*** Opening Data extract ***

lemma matrix_diff_rdistrib: "((A::real^'n^'m) - B) ** C = A ** C - B ** C"
  by (simp add: matrix_matrix_mult_def vec_eq_iff sum_subtractf left_diff_distrib)

lemma transpose_add: "transpose ((A::real^'n^'m) + B) = transpose A + transpose B"
  by (simp add: transpose_def vec_eq_iff)

lemma transpose_diff: "transpose ((A::real^'n^'m) - B) = transpose A - transpose B"
  by (simp add: transpose_def vec_eq_iff)

lemma trace_scaleR: "trace ((k::real) *\<^sub>R (A::real^'n^'n)) = k * trace A"
  by (simp add: trace_def sum_distrib_left)

lemma inner_eq_trace: "(A::real^'n^'m) \<bullet> B = trace (transpose A ** B)"
  by (simp add: inner_vec_def trace_def matrix_matrix_mult_def transpose_def) (rule sum.swap)

lemma scaleR_mat1_mult_vector: "((a::real) *\<^sub>R mat 1) *v (x::real^'n) = a *\<^sub>R x"
  by (metis scaleR_matrix_vector_assoc matrix_vector_mul_lid)

lemma sym_mat_add: "sym_mat A \<Longrightarrow> sym_mat B \<Longrightarrow> sym_mat ((A::real^'n^'n) + B)"
  by (simp add: sym_mat_def transpose_add)

lemma sym_mat_diff: "sym_mat A \<Longrightarrow> sym_mat B \<Longrightarrow> sym_mat ((A::real^'n^'n) - B)"
  by (simp add: sym_mat_def transpose_diff)

lemma sym_mat_scaleR: "sym_mat A \<Longrightarrow> sym_mat (k *\<^sub>R (A::real^'n^'n))"
  by (simp add: sym_mat_def transpose_scalar)

lemma sym_mat_mat: "sym_mat (mat k :: real^'n^'n)"
  by (simp add: sym_mat_def transpose_mat)

lemma sym_mat_nth:
  assumes "sym_mat (A::real^'n^'n)" shows "A $ j $ i = A $ i $ j"
proof -
  have "transpose A $ i $ j = A $ i $ j" using assms by (simp add: sym_mat_def)
  then show ?thesis by (simp add: transpose_def)
qed

lemma sym_mat_inner_commute: "sym_mat A \<Longrightarrow> (A *v x) \<bullet> y = x \<bullet> ((A::real^'n^'n) *v y)"
  unfolding sym_mat_def by (metis dot_lmul_matrix vector_transpose_matrix)

definition loewner_between :: "real \<Rightarrow> real \<Rightarrow> real^'n^'n \<Rightarrow> bool" where
  "loewner_between a b A \<longleftrightarrow> loewner_le (a *\<^sub>R mat 1) A \<and> loewner_le A (b *\<^sub>R mat 1)"

lemma loewner_between_iff:
  "loewner_between a b A \<longleftrightarrow>
     sym_mat A \<and> (\<forall>x. a * (x \<bullet> x) \<le> x \<bullet> (A *v x) \<and> x \<bullet> (A *v x) \<le> b * (x \<bullet> x))"
proof -
  have "sym_mat (A - a *\<^sub>R mat 1) \<longleftrightarrow> sym_mat A" "sym_mat (b *\<^sub>R mat 1 - A) \<longleftrightarrow> sym_mat A"
    by (auto simp: sym_mat_def transpose_diff transpose_scalar)
  then show ?thesis
    unfolding loewner_between_def loewner_le_def pos_semidef_def
    by (auto simp: matrix_vector_mult_diff_rdistrib scaleR_mat1_mult_vector inner_diff_right)
qed

lemma loewner_between_le:
  assumes "loewner_between a b (A::real^'n^'n)" shows "a \<le> b"
proof -
  have "a * (x \<bullet> x) \<le> x \<bullet> (A *v x)" "x \<bullet> (A *v x) \<le> b * (x \<bullet> x)" for x
    using assms unfolding loewner_between_iff by auto
  from this[of "axis undefined 1"] show ?thesis by (simp add: inner_axis_axis)
qed

lemma psd_cauchy_schwarz:
  fixes T :: "'a::real_inner \<Rightarrow> 'a"
  assumes lin: "linear T" and sa: "\<And>x y. T x \<bullet> y = x \<bullet> T y" and psd: "\<And>x. 0 \<le> T x \<bullet> x"
  shows "(T x \<bullet> y)^2 \<le> (T x \<bullet> x) * (T y \<bullet> y)"
proof -
  have quadratic: "0 \<le> T x \<bullet> x + 2 * s * (T x \<bullet> y) + s^2 * (T y \<bullet> y)" for s
  proof -
    have "0 \<le> T (x + s *\<^sub>R y) \<bullet> (x + s *\<^sub>R y)" by (rule psd)
    also have "\<dots> = T x \<bullet> x + s * (T x \<bullet> y) + s * (T y \<bullet> x) + s^2 * (T y \<bullet> y)"
      using lin by (simp add: linear_add linear_scale inner_add_left inner_add_right power2_eq_square algebra_simps)
    also have "T y \<bullet> x = T x \<bullet> y" using sa[of y x] by (simp add: inner_commute)
    finally show ?thesis by simp
  qed
  show ?thesis
  proof (cases "T y \<bullet> y = 0")
    case True
    have "T x \<bullet> y = 0"
    proof (rule ccontr)
      assume ne: "T x \<bullet> y \<noteq> 0"
      have "0 \<le> T x \<bullet> x + 2 * (- (T x \<bullet> x + 1) / (2 * (T x \<bullet> y))) * (T x \<bullet> y)"
        using quadratic[of "- (T x \<bullet> x + 1) / (2 * (T x \<bullet> y))"] True by simp
      also have "\<dots> = -1" using ne by (simp add: field_simps)
      finally show False by simp
    qed
    then show ?thesis using True by simp
  next
    case False
    then have pos: "T y \<bullet> y > 0" using psd[of y] by simp
    let ?s = "- (T x \<bullet> y) / (T y \<bullet> y)"
    have "0 \<le> T x \<bullet> x + 2 * ?s * (T x \<bullet> y) + ?s^2 * (T y \<bullet> y)" by (rule quadratic)
    also have "\<dots> = T x \<bullet> x - (T x \<bullet> y)^2 / (T y \<bullet> y)"
      using pos by (simp add: field_simps power2_eq_square)
    finally show ?thesis using pos by (simp add: pos_divide_le_eq mult.commute)
  qed
qed

lemma psd_square_le:
  fixes T :: "'a::real_inner \<Rightarrow> 'a"
  assumes lin: "linear T" and sa: "\<And>x y. T x \<bullet> y = x \<bullet> T y" and psd: "\<And>x. 0 \<le> T x \<bullet> x"
    and upper: "\<And>x. T x \<bullet> x \<le> M * (x \<bullet> x)"
  shows "T x \<bullet> T x \<le> M * (T x \<bullet> x)"
proof (cases "T x = 0")
  case False
  have "(T x \<bullet> T x)^2 \<le> (T x \<bullet> x) * (T (T x) \<bullet> T x)" by (rule psd_cauchy_schwarz[OF lin sa psd])
  also have "\<dots> \<le> (T x \<bullet> x) * (M * (T x \<bullet> T x))" by (rule mult_left_mono[OF upper psd])
  finally have "(T x \<bullet> T x) * (T x \<bullet> T x) \<le> (M * (T x \<bullet> x)) * (T x \<bullet> T x)"
    by (simp add: ac_simps power2_eq_square)
  with False show ?thesis by (simp add: mult_le_cancel_right)
qed (use psd in auto)

text \<open>For a self-adjoint T with m \<le> T \<le> M the quadratic form of T - m is dominated by M - m,
  hence T x \<bullet> T x \<le> (M + m) (T x \<bullet> x) - M m |x|^2; the resulting bound on
  |x - z T x|^2 is affine in T x \<bullet> x \<in> [m |x|^2, M |x|^2] and thus maximal at an endpoint.\<close>
lemma self_adjoint_contraction:
  fixes T :: "'a::real_inner \<Rightarrow> 'a"
  assumes lin: "linear T" and sa: "\<And>x y. T x \<bullet> y = x \<bullet> T y"
    and lower: "\<And>x. m * (x \<bullet> x) \<le> T x \<bullet> x" and upper: "\<And>x. T x \<bullet> x \<le> M * (x \<bullet> x)"
  shows "norm (x - z *\<^sub>R T x) \<le> max \<bar>1 - z * M\<bar> \<bar>1 - z * m\<bar> * norm x"
proof -
  define S where "S = (\<lambda>x. T x - m *\<^sub>R x)"
  have "linear S" unfolding S_def using lin by (auto simp: linear_iff algebra_simps)
  moreover have "S x \<bullet> y = x \<bullet> S y" for x y
    unfolding S_def using sa[of x y] by (simp add: inner_diff_left inner_diff_right inner_commute)
  moreover have "0 \<le> S x \<bullet> x" for x unfolding S_def using lower[of x] by (simp add: inner_diff_left)
  moreover have "S x \<bullet> x \<le> (M - m) * (x \<bullet> x)" for x
    unfolding S_def using upper[of x] by (simp add: inner_diff_left algebra_simps)
  ultimately have "S x \<bullet> S x \<le> (M - m) * (S x \<bullet> x)" by (rule psd_square_le)
  then have Tx: "T x \<bullet> T x \<le> (M + m) * (T x \<bullet> x) - M * m * (x \<bullet> x)"
    unfolding S_def by (simp add: inner_diff_left inner_diff_right inner_commute power2_eq_square algebra_simps)
  define u where "u = T x \<bullet> x"
  define \<beta> where "\<beta> = max ((1 - z * M)^2) ((1 - z * m)^2)"
  have "norm (x - z *\<^sub>R T x)^2 = x \<bullet> x - 2 * z * u + z^2 * (T x \<bullet> T x)"
    unfolding power2_norm_eq_inner u_def
    by (simp add: inner_diff_left inner_diff_right inner_commute power2_eq_square algebra_simps)
  also have "\<dots> \<le> x \<bullet> x - 2 * z * u + z^2 * ((M + m) * u - M * m * (x \<bullet> x))"
    using Tx unfolding u_def by (simp add: mult_left_mono)
  also have "\<dots> \<le> \<beta> * (x \<bullet> x)"
  proof (cases "0 \<le> z^2 * (M + m) - 2 * z")
    case True
    have "u \<le> M * (x \<bullet> x)" using upper[of x] unfolding u_def .
    from mult_left_mono[OF this True]
    have "x \<bullet> x - 2 * z * u + z^2 * ((M + m) * u - M * m * (x \<bullet> x)) \<le> (1 - z * M)^2 * (x \<bullet> x)"
      by (simp add: algebra_simps power2_eq_square)
    also have "\<dots> \<le> \<beta> * (x \<bullet> x)" unfolding \<beta>_def by (intro mult_right_mono) auto
    finally show ?thesis .
  next
    case False
    have "m * (x \<bullet> x) \<le> u" using lower[of x] unfolding u_def .
    from mult_left_mono[OF this, of "2 * z - z^2 * (M + m)"] False
    have "x \<bullet> x - 2 * z * u + z^2 * ((M + m) * u - M * m * (x \<bullet> x)) \<le> (1 - z * m)^2 * (x \<bullet> x)"
      by (simp add: algebra_simps power2_eq_square)
    also have "\<dots> \<le> \<beta> * (x \<bullet> x)" unfolding \<beta>_def by (intro mult_right_mono) auto
    finally show ?thesis .
  qed
  also have "\<dots> = (max \<bar>1 - z * M\<bar> \<bar>1 - z * m\<bar> * norm x)^2"
    unfolding \<beta>_def power2_norm_eq_inner[symmetric] power_mult_distrib
    by (simp add: max_def abs_le_square_iff)
  finally show ?thesis by (rule power2_le_imp_le) simp
qed

lemma invertible_if_form_pos:
  fixes A :: "real^'n^'n"
  assumes "\<And>x. x \<noteq> 0 \<Longrightarrow> 0 < x \<bullet> (A *v x)"
  shows "invertible A"
  unfolding invertible_left_inverse matrix_left_invertible_ker
  using assms by (metis inner_zero_right less_irrefl)

lemma pos_def_invertible: "pos_def (A::real^'n^'n) \<Longrightarrow> invertible A"
  unfolding pos_def_def by (blast intro: invertible_if_form_pos)

lemma
  fixes A :: "real^'n^'n"
  assumes "invertible A"
  shows matrix_inv_right: "A ** matrix_inv A = mat 1"
    and matrix_inv_left: "matrix_inv A ** A = mat 1"
proof -
  have "\<exists>A'. A ** A' = mat 1 \<and> A' ** A = mat 1" using assms unfolding invertible_def by blast
  from someI_ex[OF this] show "A ** matrix_inv A = mat 1" "matrix_inv A ** A = mat 1"
    unfolding matrix_inv_def by auto
qed

lemma left_inverse_eq_right_inverse:
  assumes "(A::real^'n^'n) ** B = mat 1" "C ** A = mat 1" shows "C = B"
  by (metis assms matrix_mul_assoc matrix_mul_lid matrix_mul_rid)

lemma matrix_inv_unique: "(A::real^'n^'n) ** B = mat 1 \<Longrightarrow> invertible A \<Longrightarrow> matrix_inv A = B"
  using left_inverse_eq_right_inverse matrix_inv_left by blast

lemma matrix_inv_matrix_inv: "invertible (A::real^'n^'n) \<Longrightarrow> matrix_inv (matrix_inv A) = A"
  by (metis invertible_def matrix_inv_left matrix_inv_right matrix_inv_unique)

lemma sym_mat_matrix_inv:
  assumes "sym_mat (A::real^'n^'n)" "invertible A" shows "sym_mat (matrix_inv A)"
proof -
  have "transpose (matrix_inv A) ** A = mat 1"
    using assms by (metis matrix_inv_right matrix_transpose_mul sym_mat_def transpose_mat)
  then show ?thesis
    unfolding sym_mat_def using left_inverse_eq_right_inverse matrix_inv_right[OF assms(2)] by blast
qed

*** Closing Data extract ***

Exercise directions: Give back, word for word, only the lines above from the line holding "by (simp add: sym_mat_def transpose_scalar)" to the line holding "A \<Longrightarrow> (A", both included.

Finished exercise:
  by (simp add: sym_mat_def transpose_scalar)

lemma sym_mat_mat: "sym_mat (mat k :: real^'n^'n)"
  by (simp add: sym_mat_def transpose_mat)

lemma sym_mat_nth:
  assumes "sym_mat (A::real^'n^'n)" shows "A $ j $ i = A $ i $ j"
proof -
  have "transpose A $ i $ j = A $ i $ j" using assms by (simp add: sym_mat_def)
  then show ?thesis by (simp add: transpose_def)
qed

lemma sym_mat_inner_commute: "sym_mat A \<Longrightarrow> (A *v x) \<bullet> y = x \<bullet> ((A::real^'n^'n) *v y)"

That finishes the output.